» What the task asks:
Look below for the line that contains "k p \<notin>", then copy it and each following line exactly, through and including the line that contains "h v0) / (vbar z1 - v0)".

□ □ □ □ □

lemma card_fixed_letter:
  "card {p \<in> cfg_dom (m * k) m block. fixed p = \<alpha>} =
     (\<Sum>j\<in>{1..k} - M0. letter_count m (g (e0 j)) \<alpha>)"
proof -
  define S where "S = (SIGMA j:{1..k} - M0. {l. l < m \<and> g (e0 j) l = \<alpha>})"
  have inj: "inj_on (\<lambda>(j, l). l * k + j) S"
  proof (rule inj_onI, clarify)
    fix j l j' l' assume "(j, l) \<in> S" "(j', l') \<in> S" and eq: "l * k + j = l' * k + j'"
    then have "j \<in> {1..k}" "j' \<in> {1..k}" unfolding S_def by auto
    then show "j = j' \<and> l = l'"
      using arg_cong[OF eq, of "grid_row k"] arg_cong[OF eq, of "grid_col k"] by simp
  qed
  have image: "(\<lambda>(j, l). l * k + j) ` S = {p \<in> cfg_dom (m * k) m block. fixed p = \<alpha>}"
  proof (intro equalityI subsetI)
    fix p assume "p \<in> (\<lambda>(j, l). l * k + j) ` S"
    then obtain j l where jl: "j \<in> {1..k}" "j \<notin> M0" "l < m" "g (e0 j) l = \<alpha>"
      and p: "p = l * k + j"
      unfolding S_def by auto
    then have "p \<in> cfg_dom (m * k) m block"
      using grid_pos_mem[of l m j k] by (simp add: cfg_dom_block)
    then show "p \<in> {p \<in> cfg_dom (m * k) m block. fixed p = \<alpha>}"
      using jl p grid_pos_mem[of l m j k] by (simp add: fixed_def lift_word_def)
  next
    fix p assume "p \<in> {p \<in> cfg_dom (m * k) m block. fixed p = \<alpha>}"
    then have p: "p \<in> {1..m * k}" "grid_col k p \<notin> M0" "g (e0 (grid_col k p)) (grid_row k p) = \<alpha>"
      by (auto simp: cfg_dom_block fixed_def lift_word_def)
    then have "(grid_col k p, grid_row k p) \<in> S"
      unfolding S_def using grid_col_mem[OF k_pos] grid_row_less by auto
    moreover have "p = grid_row k p * k + grid_col k p" using p(1) grid_row_col by simp
    ultimately show "p \<in> (\<lambda>(j, l). l * k + j) ` S"
      by (intro image_eqI[where x = "(grid_col k p, grid_row k p)"]) simp_all
  qed
  have "card {p \<in> cfg_dom (m * k) m block. fixed p = \<alpha>} = card S"
    using card_image[OF inj] unfolding image .
  also have "\<dots> = (\<Sum>j\<in>{1..k} - M0. letter_count m (g (e0 j)) \<alpha>)"
    unfolding S_def letter_count_def by (rule card_SigmaI) simp_all
  finally show ?thesis .
qed
theorem proposition3:
  fixes f h dh :: "real \<Rightarrow> real" and cbar :: real
    and eps :: "nat \<Rightarrow> real" and v :: "nat \<Rightarrow> real \<Rightarrow> real"
    and vbar ybar :: "real \<Rightarrow> real" and z0 z1 v0 :: real
  assumes F: "hypF f"
    and H: "hypH h dh"
    and cbar: "(crit_speed f dh \<longlongrightarrow> cbar) (at_right 0)"
    and eps_pos: "\<And>n. eps n > 0"
    and eps_lim: "eps \<longlonglongrightarrow> 0"
    and crit: "\<And>n. front_profile f dh (eps n) (crit_speed f dh (eps n)) (v n)"
    and v_conv: "\<And>K. compact K \<Longrightarrow> uniform_limit K v vbar sequentially"
    and y_conv: "uniform_limit {0..1} (\<lambda>n. assoc_y (eps n) (v n)) ybar sequentially"
    and z01: "z0 < z1"
    and v0: "0 \<le> v0" "v0 < 1"
    and lin: "\<And>z. z \<in> {z0..z1} \<Longrightarrow> vbar z = z - z0 + v0"
  shows "cbar = (primF f (vbar z1) - primF f v0 - h (vbar z1) + h v0) / (vbar z1 - v0)
               + (ybar (vbar z1) - ybar v0) / (vbar z1 - v0)"
proof -
  define c where "c n = crit_speed f dh (eps n)" for n
  have f: "continuous_on {0..1} f"
    using F unfolding hypF_def by blast
  have "filterlim eps (at_right 0) sequentially"
    using eps_lim eps_pos by (simp add: tendsto_imp_filterlim_at_right)
  then have c_lim: "c \<longlonglongrightarrow> cbar"
    using filterlim_compose[OF cbar] by (simp add: c_def[abs_def])
  then obtain K where "\<And>n x. x \<in> {0..1} \<Longrightarrow> \<bar>c n\<bar> + \<bar>dh x\<bar> + \<bar>f x\<bar> \<le> K"
    using uniform_coefficient_bound[OF f hypH_regularity(2)[OF H]] convergent_def by blast
  then have fronts: "travelling_front f dh (eps n) (c n) K (v n)" for n
    using eps_pos crit by unfold_locales (simp_all add: c_def)
  have "vbar z0 = v0" "vbar z1 - v0 = z1 - z0"
    using lin z01 by simp_all
  moreover have "(\<lambda>n. v n z) \<longlonglongrightarrow> vbar z" for z
    using tendsto_uniform_limitI[OF v_conv[of "{z}"]] by simp
  ultimately have "ybar (vbar z1) - cbar * vbar z1 - h (vbar z1) + primF f (vbar z1)
      = ybar v0 - cbar * v0 - h v0 + primF f v0"
    using limit_energy_constant[OF fronts hypH_regularity(1,3)[OF H] primF_regularity[OF f]
        c_lim _ y_conv, where a = z0 and b = z1] z01 by simp
  then have "cbar * (vbar z1 - v0)
      = (primF f (vbar z1) - primF f v0 - h (vbar z1) + h v0) + (ybar (vbar z1) - ybar v0)"
    by (simp add: algebra_simps)
  moreover have "vbar z1 - v0 \<noteq> 0"
    using \<open>vbar z1 - v0 = z1 - z0\<close> z01 by simp
  ultimately show ?thesis
    by (simp add: add_divide_distrib[symmetric] eq_divide_eq)
qed

end
(* Let $I$ and $J$ be componentwise polymatroidal monomial ideals in $K[x,y]$. Then $IJ$ is also componentwise polymatroidal. In particular, all powers of a componentwise polymatroidal ideal in $K[x,y]$ are componentwise polymatroidal.
   Context: $G(I)$ is the minimal monomial generating set. A monomial ideal generated in a single degree is polymatroidal if for all $u,v\in G(I)$ and all variables $z$ with $\deg_{z}(u)>\deg_{z}(v)$ ($\deg_z$ = exponent of $z$) there exists a variable $w$ with $\deg_{w}(u)<\deg_{w}(v)$ and $w(u/z)\in I$. $I_{\langle j\rangle}$ is the ideal generated by all degree-$j$ monomials of $I$; $I$ is componentwise polymatroidal if every nonzero $I_{\langle j\rangle}$ is polymatroidal. *)

theory Defs
  imports Main
begin

text \<open>Monomials of K[x,y] are identified with their exponent vectors
  (functions from the two variables to nat). A monomial ideal of K[x,y] is
  determined by the set of monomials it contains; this set is closed under
  multiplication by arbitrary monomials (upward closed for divisibility).\<close>

datatype var = X | Y

type_synonym mon = "var \<Rightarrow> nat"

definition mdeg :: "mon \<Rightarrow> nat" where
  "mdeg u = u X + u Y"

definition mdvd :: "mon \<Rightarrow> mon \<Rightarrow> bool" where
  "mdvd u w \<longleftrightarrow> (\<forall>z. u z \<le> w z)"

definition mmult :: "mon \<Rightarrow> mon \<Rightarrow> mon" where
  "mmult u v = (\<lambda>z. u z + v z)"

definition mon_ideal :: "mon set \<Rightarrow> bool" where
  "mon_ideal I \<longleftrightarrow> (\<forall>u\<in>I. \<forall>w. mdvd u w \<longrightarrow> w \<in> I)"

definition gens :: "mon set \<Rightarrow> mon set" where
  "gens I = {u \<in> I. \<forall>v\<in>I. mdvd v u \<longrightarrow> v = u}"

definition mulvar :: "var \<Rightarrow> mon \<Rightarrow> mon" where
  "mulvar w u = u(w := u w + 1)"

definition divvar :: "var \<Rightarrow> mon \<Rightarrow> mon" where
  "divvar z u = u(z := u z - 1)"

definition polymatroidal :: "mon set \<Rightarrow> bool" where
  "polymatroidal I \<longleftrightarrow>
     (\<exists>d. \<forall>u\<in>gens I. mdeg u = d) \<and>
     (\<forall>u\<in>gens I. \<forall>v\<in>gens I. \<forall>z. u z > v z \<longrightarrow>
        (\<exists>w. u w < v w \<and> mulvar w (divvar z u) \<in> I))"

definition comp :: "mon set \<Rightarrow> nat \<Rightarrow> mon set" where
  "comp I j = {w. \<exists>u\<in>I. mdeg u = j \<and> mdvd u w}"

definition cw_polymatroidal :: "mon set \<Rightarrow> bool" where
  "cw_polymatroidal I \<longleftrightarrow> (\<forall>j. comp I j \<noteq> {} \<longrightarrow> polymatroidal (comp I j))"

definition mprod :: "mon set \<Rightarrow> mon set \<Rightarrow> mon set" where
  "mprod I J = {w. \<exists>u\<in>I. \<exists>v\<in>J. mdvd (mmult u v) w}"

primrec mpow :: "mon set \<Rightarrow> nat \<Rightarrow> mon set" where
  "mpow I 0 = UNIV"
| "mpow I (Suc n) = mprod I (mpow I n)"

end

theory Submission
  imports Defs
begin

text \<open>In two variables a monomial of degree j is determined by its X-exponent, and the exchange
  condition for the degree-j component of I says exactly that the X-exponents of the degree-j
  monomials of I form an interval; so I is componentwise polymatroidal iff all its degree slices
  are intervals. A degree-j monomial of IJ is u v with u in I of some degree a and v in J of
  degree j - a. For fixed a the attainable X-exponents form a sum of two intervals, again an
  interval. Consecutive values of a give overlapping intervals: if v' in J has degree j - a - 1,
  then u (x v') and (x u) v' have the same X-exponent.\<close>

lemma mon_ext: "u X = w X \<Longrightarrow> u Y = w Y \<Longrightarrow> u = (w::mon)"
  by (rule ext, case_tac x) auto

□ □ □ □ □

» Exercise solution:
    then have p: "p \<in> {1..m * k}" "grid_col k p \<notin> M0" "g (e0 (grid_col k p)) (grid_row k p) = \<alpha>"
      by (auto simp: cfg_dom_block fixed_def lift_word_def)
    then have "(grid_col k p, grid_row k p) \<in> S"
      unfolding S_def using grid_col_mem[OF k_pos] grid_row_less by auto
    moreover have "p = grid_row k p * k + grid_col k p" using p(1) grid_row_col by simp
    ultimately show "p \<in> (\<lambda>(j, l). l * k + j) ` S"
      by (intro image_eqI[where x = "(grid_col k p, grid_row k p)"]) simp_all
  qed
  have "card {p \<in> cfg_dom (m * k) m block. fixed p = \<alpha>} = card S"
    using card_image[OF inj] unfolding image .
  also have "\<dots> = (\<Sum>j\<in>{1..k} - M0. letter_count m (g (e0 j)) \<alpha>)"
    unfolding S_def letter_count_def by (rule card_SigmaI) simp_all
  finally show ?thesis .
qed
theorem proposition3:
  fixes f h dh :: "real \<Rightarrow> real" and cbar :: real
    and eps :: "nat \<Rightarrow> real" and v :: "nat \<Rightarrow> real \<Rightarrow> real"
    and vbar ybar :: "real \<Rightarrow> real" and z0 z1 v0 :: real
  assumes F: "hypF f"
    and H: "hypH h dh"
    and cbar: "(crit_speed f dh \<longlongrightarrow> cbar) (at_right 0)"
    and eps_pos: "\<And>n. eps n > 0"
    and eps_lim: "eps \<longlonglongrightarrow> 0"
    and crit: "\<And>n. front_profile f dh (eps n) (crit_speed f dh (eps n)) (v n)"
    and v_conv: "\<And>K. compact K \<Longrightarrow> uniform_limit K v vbar sequentially"
    and y_conv: "uniform_limit {0..1} (\<lambda>n. assoc_y (eps n) (v n)) ybar sequentially"
    and z01: "z0 < z1"
    and v0: "0 \<le> v0" "v0 < 1"
    and lin: "\<And>z. z \<in> {z0..z1} \<Longrightarrow> vbar z = z - z0 + v0"
  shows "cbar = (primF f (vbar z1) - primF f v0 - h (vbar z1) + h v0) / (vbar z1 - v0)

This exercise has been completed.